This week in history Sept. 17, 1921: Conductor injured, Berthoud Pass road work continues |

This week in history Sept. 17, 1921: Conductor injured, Berthoud Pass road work continues

One of the great inventions of the 20th century is the amplifier. Pictured is the instrument used in the open air as a concert in Chicago was carried over ordinary telephone wires and heard 3 miles away from where the amplifier was stations.
Colorado Historic Newspapers Collection/Courtesy photo

This week in history as reported by The Summit County Journal the week of Sept. 17, 1921:

Conductor Ward hurt in an accident

Conductor Alfred War has had a very painful accident when the caboose of his train left the track on the west switch at Curtain Tuesday morning. The rain was rather heavy, consisting of a couple of cars of coal, some merchandise and several loads of ore from Kokomo. The grade of the track is rather steep and it was impossible to stop the train when the caboose left the track.

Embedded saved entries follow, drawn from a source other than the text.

lemma max_minor_eq_lifted_det:
  "max_minor (x :: nat \<Rightarrow> real ^ 'd::finite) c = lifted_det x (map c [0..<CARD('d) + 1])"
proof -
  let ?K = "CARD('d) + 1"
  have "Matrix.mat ?K ?K (\<lambda>(i,j). lifted_entry x i (c j))
      = cols_mat ?K (map (lift \<circ> x) (map c [0..<?K]))"
  proof (rule eq_matI)
    fix i j assume "i < dim_row (cols_mat ?K (map (lift \<circ> x) (map c [0..<?K])))"
      "j < dim_col (cols_mat ?K (map (lift \<circ> x) (map c [0..<?K])))"
    then have ij: "i < ?K" "j < ?K" by (simp_all add: cols_mat_def)
    then have "map (lift \<circ> x) (map c [0..<?K]) ! j = lift (x (c j))" by (simp del: upt_Suc)
    then show "Matrix.mat ?K ?K (\<lambda>(i,j). lifted_entry x i (c j)) $$ (i, j)
        = cols_mat ?K (map (lift \<circ> x) (map c [0..<?K])) $$ (i, j)"
      using ij by (simp add: cols_mat_def lifted_entry_def lift_def del: upt_Suc)
  qed (simp_all add: cols_mat_def)
  moreover have "leibniz_det ?K A = Determinant.det (Matrix.mat ?K ?K (\<lambda>(i,j). A i j))" for A
    by (simp add: leibniz_det_def Determinant.det_def atLeast0LessThan)
  ultimately show ?thesis unfolding max_minor_def lifted_det_def det_cols_def by simp
qed

lemma sorted_kset_iff_strict_mono:
  "sorted_kset {..<n} (d + 1) L \<longleftrightarrow>
     (\<exists>c. strict_mono_on {..d} c \<and> c d < n \<and> L = map c [0..<d + 1])"
proof
  assume L: "sorted_kset {..<n} (d + 1) L"
  then have len: "length L = d + 1" and set: "set L \<subseteq> {..<n}" unfolding sorted_kset_def by auto
  have "strict_mono_on {..d} ((!) L)"
    using L unfolding strict_mono_on_def sorted_kset_def by (auto simp: sorted_wrt_iff_nth_less)
  moreover have "L ! d \<in> set L" using len by simp
  then have "L ! d < n" using set by blast
  moreover have "map ((!) L) [0..<length L] = L" by (rule map_nth)
  then have "L = map ((!) L) [0..<d + 1]" unfolding len ..
  ultimately show "\<exists>c. strict_mono_on {..d} c \<and> c d < n \<and> L = map c [0..<d + 1]" by blast
next
  assume "\<exists>c. strict_mono_on {..d} c \<and> c d < n \<and> L = map c [0..<d + 1]"
  then obtain c where c: "strict_mono_on {..d} c" "c d < n" and L: "L = map c [0..<d + 1]" by blast
  have "c i < n" if "i \<le> d" for i
    using strict_mono_on_leD[OF c(1), of i d] c(2) that by simp
  moreover have "sorted_wrt (<) L"
    unfolding L sorted_wrt_iff_nth_less using c(1)
      by (auto simp: strict_mono_on_def simp del: upt_Suc)
  ultimately show "sorted_kset {..<n} (d + 1) L" unfolding sorted_kset_def L
    by (auto simp del: upt_Suc)
qed
(* Let $P_d$ be the left path on $d$ vertices (each vertex except the last is the parent of the next via a left-child edge), with all edges contiguous, and let $x,x'$ be two distinct vertices of $P_d$. Let $(P,e)$ be any tree pattern, and let $Q$ and $Q'$ be the tree patterns obtained from $(P_d,1\cdots1)$ by attaching $(P,e)$ as the right subtree of $x$, respectively of $x'$, via a non-contiguous edge. Then $Q$ and $Q'$ are Wilf-equivalent.
   Context: $\mathcal{T}_n$ is the set of binary trees on $n$ vertices labeled $1,\dots,n$ by the search tree property (labels of a combined tree are reassigned by this property). $c_L,c_R,p$: left child, right child, parent. A tree pattern is $(P,e)$, $P\in\mathcal{T}_k$, $e\colon[k]\setminus\{\text{root}\}\to\{0,1\}$; the edge $(i,p(i))$ is contiguous if $e(i)=1$, non-contiguous if $e(i)=0$. $T\in\mathcal{T}_n$ contains $(P,e)$ if there is an injection $f\colon[k]\to[n]$ such that for every non-root $i$ of $P$: if $e(i)=1$, $f(i)$ is the left (resp. right) child of $f(p(i))$ when $i$ is the left (resp. right) child of $p(i)$; if $e(i)=0$, $f(i)$ lies in the left (resp. right) subtree of $f(p(i))$. $\mathcal{T}_n(Q)$ is the set of avoiders of $Q$. $Q,Q'$ are Wilf-equivalent if $|\mathcal{T}_n(Q)|=|\mathcal{T}_n(Q')|$ for all $n\ge0$. *)

theory Defs
  imports Main
begin
lemma affordable_supported:
  assumes "finite C" "affordable A C n k W"
  shows "supported A n (real n / real k) W"
  unfolding supported_def excess_def
proof (intro allI impI)
  fix S assume "S \<subseteq> W"
  then have "real n / real k * real (card S)
      \<le> real n / real k * (real k / real n * real (approvers A n S))"
    using affordable_card_le_approvers[OF assms] by (intro mult_left_mono) auto
  also have "\<dots> \<le> real (approvers A n S)"
    by (cases "n = 0 \<or> k = 0") (auto simp: field_simps)
  finally show "0 \<le> real (approvers A n S) - real n / real k * real (card S)" by simp
qed

lemma excess_UN_negative:
  assumes "finite E" "E \<noteq> {}" "finite B" "supported A n s B"
    and "\<And>d. d \<in> E \<Longrightarrow> d \<notin> B \<and> X d \<subseteq> insert d B \<and> excess A n s (X d) < 0"
  shows "excess A n s (\<Union>d\<in>E. X d) < 0"
  using assms(1,2,5)
proof (induction E rule: finite_ne_induct)
  case (singleton d)
  then show ?case by simp
next
  case (insert d E)
  let ?U = "\<Union>e\<in>E. X e"
  have Xd: "d \<notin> B" "X d \<subseteq> insert d B" "excess A n s (X d) < 0"
    using insert.prems by auto
  have "?U \<subseteq> B \<union> E" using insert.prems by blast
  then have "X d \<inter> ?U \<subseteq> B" using Xd(2) \<open>d \<notin> E\<close> by blast
  then have "0 \<le> excess A n s (X d \<inter> ?U)"
    using assms(4) unfolding supported_def by blast
  moreover have "finite (X d)" "finite ?U"
    using insert.prems insert.hyps(1) assms(3) by (auto intro: finite_subset)
  moreover have "excess A n s ?U < 0" using insert.IH insert.prems by simp
  ultimately show ?case
    using excess_submodular[of "X d" ?U A n s] Xd(3) by (simp del: UN_simps)
qed

lemma card_le_double_card_Int:
  assumes "finite B" "finite W" "card B \<le> card W" "Y \<subseteq> B \<union> W" "W - B \<subseteq> Y"
  shows "card Y \<le> 2 * card (Y \<inter> W)"
proof -
  have "finite Y" using assms(1,2,4) finite_subset by blast
  have "card (Y - W) \<le> card (B - W)"
    using assms(1,4) by (intro card_mono) auto
  also have "\<dots> \<le> card (W - B)"
    using assms(1-3) by (simp add: card_Diff_subset_Int Int_commute)
  also have "\<dots> \<le> card (Y \<inter> W)"
    using \<open>finite Y\<close> assms(5) by (intro card_mono) auto
  finally show ?thesis
    using card_Int_Diff[OF \<open>finite Y\<close>, of W] by linarith
qed

lemma supported_insert_exists:
  assumes "finite B" "finite W" "card B < card W" "0 \<le> s"
    and "supported A n s B" "supported A n (2 * s) W"
  shows "\<exists>d\<in>W - B. supported A n s (insert d B)"
proof (rule ccontr)
  define D where "D = W - B"
  assume "\<not> ?thesis"
  then have "\<exists>X. X \<subseteq> insert d B \<and> excess A n s X < 0" if "d \<in> D" for d
    using that unfolding supported_def D_def by (force simp: not_le)
  then obtain X where X: "\<And>d. d \<in> D \<Longrightarrow> X d \<subseteq> insert d B \<and> excess A n s (X d) < 0"
    by metis
  have D_in_X: "d \<in> X d" if "d \<in> D" for d
  proof (rule ccontr)
    assume "d \<notin> X d"
    then have "X d \<subseteq> B" using X[OF that] by blast
    then have "0 \<le> excess A n s (X d)" using assms(5) unfolding supported_def by blast
    then show False using X[OF that] by simp
  qed
  have "D \<noteq> {}"
  proof
    assume "D = {}"
    then have "card W \<le> card B" using assms(1) unfolding D_def by (intro card_mono) auto
    then show False using assms(3) by simp
  qed
  define Y where "Y = (\<Union>d\<in>D. X d)"
  have "excess A n s Y < 0"
    unfolding Y_def using \<open>D \<noteq> {}\<close> assms(1,2,5) X
    by (intro excess_UN_negative) (auto simp: D_def)
  have "Y \<subseteq> B \<union> W" "W - B \<subseteq> Y"
    using X D_in_X unfolding Y_def D_def by auto
  then have "card Y \<le> 2 * card (Y \<inter> W)"
    using assms(1-3) by (intro card_le_double_card_Int) auto
  then have "real (card Y) \<le> 2 * real (card (Y \<inter> W))" by linarith
  then have "s * real (card Y) \<le> s * (2 * real (card (Y \<inter> W)))"
    using assms(4) by (rule mult_left_mono)
  also have "\<dots> \<le> real (approvers A n (Y \<inter> W))"
  proof -
    have "0 \<le> excess A n (2 * s) (Y \<inter> W)" using assms(6) unfolding supported_def by blast
    then show ?thesis unfolding excess_def by simp
  qed
  also have "\<dots> \<le> real (approvers A n Y)"
    by (simp add: approvers_mono)
  finally show False
    using \<open>excess A n s Y < 0\<close> unfolding excess_def by simp
qed

lemma mm_completion_card: "mm_completion A C n k W Wbar \<Longrightarrow> k \<le> card Wbar"
  by (induction rule: mm_completion.induct) auto

lemma mm_completion_preserves_supported:
  assumes "mm_completion A C n k V Vbar" "finite C" "V \<subseteq> C" "supported A n s V"
    and "W \<subseteq> C" "card W = k" "supported A n (2 * s) W" "0 \<le> s"
  shows "supported A n s Vbar"
  using assms(1,3,4)
proof (induction rule: mm_completion.induct)
  case (mm_done V)
  then show ?case by blast
next
  case (mm_step V c Vbar)
  have "finite V" "finite W" using mm_step.prems(1) assms(2,5) finite_subset by auto
  then obtain d where "d \<in> W - V" "supported A n s (insert d V)"
    using supported_insert_exists[of V W s A n] mm_step.hyps(1) mm_step.prems(2) assms(6-8)
    by auto
  then have "s \<le> supp A n (insert d V)"
    using supported_iff_le_supp \<open>finite V\<close> by blast
  also have "\<dots> \<le> supp A n (insert c V)"
    using mm_step.hyps(3) \<open>d \<in> W - V\<close> assms(5) by blast
  finally have "supported A n s (insert c V)"
    using supported_iff_le_supp \<open>finite V\<close> by blast
  then show ?case
    using mm_step.IH mm_step.hyps(2) mm_step.prems(1) by blast
qed

theorem mm_completion_supp_ge_half:
  assumes inst: "abc_instance A C n k" and aff: "affordable A C n k W"
    and completion: "mm_completion A C n k W Wbar"
    and "W' \<subseteq> C" "card W' = k"
  shows "supp A n W' \<le> 2 * supp A n Wbar"
proof -
  have "finite C" "1 \<le> k" using inst unfolding abc_instance_def by auto
  then have W': "finite W'" "W' \<noteq> {}"
    using assms(4,5) finite_subset by fastforce+
  define s where "s = supp A n W' / 2"
  have "0 \<le> s" using supp_nonneg[OF W'] unfolding s_def by simp
  have "supported A n (2 * s) W'"
    using supported_iff_le_supp[OF W'] unfolding s_def by simp
  have "supp A n W' \<le> real n / real k"
    using supp_le_voters_per_seat[OF W', of A n] assms(5) by simp
  then have "s \<le> real n / real k"
    using supp_nonneg[OF W', of A n] unfolding s_def by linarith
  then have "supported A n s W"
    using supported_antimono affordable_supported[OF \<open>finite C\<close> aff] by blast
  moreover have "W \<subseteq> C" using aff unfolding affordable_def committee_def by blast
  ultimately have "supported A n s Wbar"
    using mm_completion_preserves_supported[OF completion \<open>finite C\<close>] assms(4,5)
      \<open>supported A n (2 * s) W'\<close> \<open>0 \<le> s\<close> by blast
  moreover have "finite Wbar" "Wbar \<noteq> {}"
    using mm_completion_card[OF completion] \<open>1 \<le> k\<close> card_gt_0_iff by fastforce+
  ultimately show ?thesis
    using supported_iff_le_supp unfolding s_def by fastforce
qed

Ward was riding in the cupola at the time the car left the main line, and fell to the floor where he struck a stove. He received a dislocated shoulder, a broken arm and fractured one or two ribs.

Dr. George Smith of Dillon saw to his care, and a more thorough examination after he had been removed to Leadville Wednesday proved that he was unhurt internally.

Summit County Journal makes changes

About 10 months ago the Summit County Journal announced that it would be raising its subscription cost to $4 per year. However, since that announcement, radical changes have come about.

Newsprint has taken a fall, almost going back to pre-ware prices. This means that Journal management is reducing its subscription price to $3 per year to give its patrons the benefit.

The paper has also adjusted to be eight pages of solely local news. The size has been reduced to five comes, but everything printed will be of local interest. This means some inserts that were printed in Denver have been removed.

The office has also installed the most modern of stereotyping equipment to the liveliest and latest photographs and cartoons will now be regular features of the Journal. The hometown newspaper is now able to make its own cuts of up-to-the-minute news pictures, fashion pictures and advertising illustrations.

Progress is made on the Berthoud Pass road

The Georgetown Courier reports that road work on the east side of Berthoud Pass is practically completed. The section running from the Jones Pass road of the valley to the turn known as “Big Bend” on the old road and the section from Slab Pile Camp to the top of Berthoud Pass are now open to travel.

The opening of the remaining stretch has been somewhat delayed, on account of the construction of a concrete bridge over Hoop Creek, but it is expected that the entire east side of the project will be open within the next two weeks.

Local news notes from all around Summit County

  • Miss Frankie Gore of Leadville is visiting at the home of Mr. and Mrs. R.O. Williams this week.
  • Mrs. Rose Forman returned from a several weeks’ visit in Denver last Sunday.
  • Mr. and Mrs. H.E. Green returned to Breckenridge last Saturday. They spent the first part of their summer vacation in Greeley, while during the past couple of weeks they visited their Missouri home.
  • Leslie Westerman came in from Boulder Tuesday, arriving via the Gold Trail in his new Chevrolet. He will visit his parents for a week before returning to Boulder to resume his studies at the University of Colorado.